[Start of section]

lemma ancestors_comparable:
  "a \<in> V \<Longrightarrow> x \<in> ancestors V le a \<Longrightarrow> y \<in> ancestors V le a \<Longrightarrow> le x y \<or> le y x"
  using forest unfolding forest_order_def ancestors_def by blast

lemma depth_less:
  assumes "x \<in> V" "y \<in> V" "le x y" "x \<noteq> y"
  shows "depth V le x < depth V le y"
proof -
  have "ancestors V le x \<subset> ancestors V le y"
    using assms forest_trans forest_refl forest_antisym unfolding ancestors_def by blast
  then show ?thesis unfolding depth_def
    using finite by (simp add: ancestors_def psubset_card_mono)
qed

lemma ancestor_list:
  assumes "a \<in> V"
  shows "set (ancestor_list V le a) = ancestors V le a"
    and "distinct (ancestor_list V le a)"
    and "sorted_wrt le (ancestor_list V le a)"
proof -
  have "\<exists>xs. set xs = ancestors V le a \<and> distinct xs"
    using finite finite_distinct_list[of "ancestors V le a"] by (simp add: ancestors_def)
  then have some: "set (SOME xs. set xs = ancestors V le a \<and> distinct xs) = ancestors V le a"
    "distinct (SOME xs. set xs = ancestors V le a \<and> distinct xs)"
    by (metis (mono_tags, lifting) someI_ex)+
  then show "set (ancestor_list V le a) = ancestors V le a"
    and "distinct (ancestor_list V le a)"
    unfolding ancestor_list_def by simp_all
  have "le x y" if "x \<in> ancestors V le a" "y \<in> ancestors V le a"
    "depth V le x \<le> depth V le y" for x y
    using that ancestors_comparable[OF assms] depth_less
    by (metis (no_types, lifting) ancestors_def mem_Collect_eq not_le)
  then show "sorted_wrt le (ancestor_list V le a)"
    unfolding ancestor_list_def by (intro sorted_wrt_sort_key) (simp add: some(1))
qed


lemma ancestor_list_refl_antisym:
  assumes "a \<in> V"
  shows "\<forall>x\<in>set (ancestor_list V le a). le x x"
    and "\<forall>x\<in>set (ancestor_list V le a). \<forall>y\<in>set (ancestor_list V le a).
           le x y \<and> le y x \<longrightarrow> x = y"
  using ancestor_list(1)[OF assms] forest_refl forest_antisym by (auto simp: ancestors_def)

lemma ancestor_list_unique:
  assumes "a \<in> V" "sorted_wrt le xs" "distinct xs" "set xs = ancestors V le a"
  shows "xs = ancestor_list V le a"
  using assms ancestor_list[OF \<open>a \<in> V\<close>] ancestor_list_refl_antisym(2)[OF \<open>a \<in> V\<close>]
  by (intro sorted_wrt_distinct_set_unique[where le = le]) simp_all

lemma take_ancestor_list:
  assumes a: "a \<in> V" and i: "i < length (ancestor_list V le a)"
  shows "take (Suc i) (ancestor_list V le a) = ancestor_list V le (ancestor_list V le a ! i)"
proof -
  let ?xs = "ancestor_list V le a" and ?y = "ancestor_list V le a ! i"
  have y: "?y \<in> ancestors V le a"
    using ancestor_list(1)[OF a] i nth_mem by blast
  then have "?y \<in> V" by (simp add: ancestors_def)
  have "set (take (Suc i) ?xs) = {x \<in> ancestors V le a. le x ?y}"
    using set_take_Suc_sorted_wrt[OF ancestor_list(3,2)[OF a] ancestor_list_refl_antisym[OF a] i]
    by (simp add: ancestor_list(1)[OF a])
  also have "\<dots> = ancestors V le ?y"
    using y a forest_trans unfolding ancestors_def by blast
  finally show ?thesis
    using ancestor_list(2,3)[OF a]
    by (intro ancestor_list_unique[OF \<open>?y \<in> V\<close>]) (simp_all add: sorted_wrt_take)
qed

lemma last_ancestor_list:
  assumes a: "a \<in> V"
  shows "ancestor_list V le a \<noteq> []" and "last (ancestor_list V le a) = a"
proof -
  let ?xs = "ancestor_list V le a"
  have "a \<in> set ?xs"
    using a forest_refl ancestor_list(1)[OF a] by (simp add: ancestors_def)
  then show ne: "?xs \<noteq> []" by auto
  then have last: "last ?xs = ?xs ! (length ?xs - 1)" "length ?xs - 1 < length ?xs"
    by (simp_all add: last_conv_nth)
  have "set ?xs = {x \<in> set ?xs. le x (last ?xs)}"
    using set_take_Suc_sorted_wrt[OF ancestor_list(3,2)[OF a] ancestor_list_refl_antisym[OF a] last(2)]
      last ne by simp
  then have "le a (last ?xs)"
    using \<open>a \<in> set ?xs\<close> by blast
  moreover have "last ?xs \<in> ancestors V le a"
    using ne ancestor_list(1)[OF a] last_in_set by blast
  ultimately show "last ?xs = a"
    using a forest_antisym by (simp add: ancestors_def)
qed

lemma prefix_ancestor_list:
  assumes "x \<in> V" "y \<in> V" "le x y"
  shows "prefix (ancestor_list V le x) (ancestor_list V le y)"
proof -
  have "x \<in> set (ancestor_list V le y)"
    using assms ancestor_list(1) by (simp add: ancestors_def)
  then obtain i where i: "i < length (ancestor_list V le y)" "ancestor_list V le y ! i = x"
    by (auto simp: in_set_conv_nth)
  then show ?thesis
    using take_ancestor_list[OF \<open>y \<in> V\<close> i(1)] by (metis take_is_prefix)
qed

end

lemma finite_chains: "finite V \<Longrightarrow> finite {C. is_chain_in V le C}"
  by (rule finite_subset[of _ "Pow V"]) (auto simp: is_chain_in_def)

lemma card_chain_le_forest_height:
  "finite V \<Longrightarrow> is_chain_in V le C \<Longrightarrow> card C \<le> forest_height V le"
  unfolding forest_height_def by (auto intro: Max_ge finite_chains)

[End of section]

# EXERCISE AIM:
Please copy out every entry exactly, with nothing omitted.

# TASK RESULT:
lemma ancestors_comparable:
  "a \<in> V \<Longrightarrow> x \<in> ancestors V le a \<Longrightarrow> y \<in> ancestors V le a \<Longrightarrow> le x y \<or> le y x"
  using forest unfolding forest_order_def ancestors_def by blast

lemma depth_less:
  assumes "x \<in> V" "y \<in> V" "le x y" "x \<noteq> y"
  shows "depth V le x < depth V le y"
proof -
  have "ancestors V le x \<subset> ancestors V le y"
    using assms forest_trans forest_refl forest_antisym unfolding ancestors_def by blast
  then show ?thesis unfolding depth_def
    using finite by (simp add: ancestors_def psubset_card_mono)
qed

lemma ancestor_list:
  assumes "a \<in> V"
  shows "set (ancestor_list V le a) = ancestors V le a"
    and "distinct (ancestor_list V le a)"
    and "sorted_wrt le (ancestor_list V le a)"
proof -
  have "\<exists>xs. set xs = ancestors V le a \<and> distinct xs"
    using finite finite_distinct_list[of "ancestors V le a"] by (simp add: ancestors_def)
  then have some: "set (SOME xs. set xs = ancestors V le a \<and> distinct xs) = ancestors V le a"
    "distinct (SOME xs. set xs = ancestors V le a \<and> distinct xs)"
    by (metis (mono_tags, lifting) someI_ex)+
  then show "set (ancestor_list V le a) = ancestors V le a"
    and "distinct (ancestor_list V le a)"
    unfolding ancestor_list_def by simp_all
  have "le x y" if "x \<in> ancestors V le a" "y \<in> ancestors V le a"
    "depth V le x \<le> depth V le y" for x y
    using that ancestors_comparable[OF assms] depth_less
    by (metis (no_types, lifting) ancestors_def mem_Collect_eq not_le)
  then show "sorted_wrt le (ancestor_list V le a)"
    unfolding ancestor_list_def by (intro sorted_wrt_sort_key) (simp add: some(1))
qed


lemma ancestor_list_refl_antisym:
  assumes "a \<in> V"
  shows "\<forall>x\<in>set (ancestor_list V le a). le x x"
    and "\<forall>x\<in>set (ancestor_list V le a). \<forall>y\<in>set (ancestor_list V le a).
           le x y \<and> le y x \<longrightarrow> x = y"
  using ancestor_list(1)[OF assms] forest_refl forest_antisym by (auto simp: ancestors_def)

lemma ancestor_list_unique:
  assumes "a \<in> V" "sorted_wrt le xs" "distinct xs" "set xs = ancestors V le a"
  shows "xs = ancestor_list V le a"
  using assms ancestor_list[OF \<open>a \<in> V\<close>] ancestor_list_refl_antisym(2)[OF \<open>a \<in> V\<close>]
  by (intro sorted_wrt_distinct_set_unique[where le = le]) simp_all

lemma take_ancestor_list:
  assumes a: "a \<in> V" and i: "i < length (ancestor_list V le a)"
  shows "take (Suc i) (ancestor_list V le a) = ancestor_list V le (ancestor_list V le a ! i)"
proof -
  let ?xs = "ancestor_list V le a" and ?y = "ancestor_list V le a ! i"
  have y: "?y \<in> ancestors V le a"
    using ancestor_list(1)[OF a] i nth_mem by blast
  then have "?y \<in> V" by (simp add: ancestors_def)
  have "set (take (Suc i) ?xs) = {x \<in> ancestors V le a. le x ?y}"
    using set_take_Suc_sorted_wrt[OF ancestor_list(3,2)[OF a] ancestor_list_refl_antisym[OF a] i]
    by (simp add: ancestor_list(1)[OF a])
  also have "\<dots> = ancestors V le ?y"
    using y a forest_trans unfolding ancestors_def by blast
  finally show ?thesis
    using ancestor_list(2,3)[OF a]
    by (intro ancestor_list_unique[OF \<open>?y \<in> V\<close>]) (simp_all add: sorted_wrt_take)
qed

lemma last_ancestor_list:
  assumes a: "a \<in> V"
  shows "ancestor_list V le a \<noteq> []" and "last (ancestor_list V le a) = a"
proof -
  let ?xs = "ancestor_list V le a"
  have "a \<in> set ?xs"
    using a forest_refl ancestor_list(1)[OF a] by (simp add: ancestors_def)
  then show ne: "?xs \<noteq> []" by auto
  then have last: "last ?xs = ?xs ! (length ?xs - 1)" "length ?xs - 1 < length ?xs"
    by (simp_all add: last_conv_nth)
  have "set ?xs = {x \<in> set ?xs. le x (last ?xs)}"
    using set_take_Suc_sorted_wrt[OF ancestor_list(3,2)[OF a] ancestor_list_refl_antisym[OF a] last(2)]
      last ne by simp
  then have "le a (last ?xs)"
    using \<open>a \<in> set ?xs\<close> by blast
  moreover have "last ?xs \<in> ancestors V le a"
    using ne ancestor_list(1)[OF a] last_in_set by blast
  ultimately show "last ?xs = a"
    using a forest_antisym by (simp add: ancestors_def)
qed

lemma prefix_ancestor_list:
  assumes "x \<in> V" "y \<in> V" "le x y"
  shows "prefix (ancestor_list V le x) (ancestor_list V le y)"
proof -
  have "x \<in> set (ancestor_list V le y)"
    using assms ancestor_list(1) by (simp add: ancestors_def)
  then obtain i where i: "i < length (ancestor_list V le y)" "ancestor_list V le y ! i = x"
    by (auto simp: in_set_conv_nth)
  then show ?thesis
    using take_ancestor_list[OF \<open>y \<in> V\<close> i(1)] by (metis take_is_prefix)
qed

end

lemma finite_chains: "finite V \<Longrightarrow> finite {C. is_chain_in V le C}"
  by (rule finite_subset[of _ "Pow V"]) (auto simp: is_chain_in_def)

lemma card_chain_le_forest_height:
  "finite V \<Longrightarrow> is_chain_in V le C \<Longrightarrow> card C \<le> forest_height V le"
  unfolding forest_height_def by (auto intro: Max_ge finite_chains)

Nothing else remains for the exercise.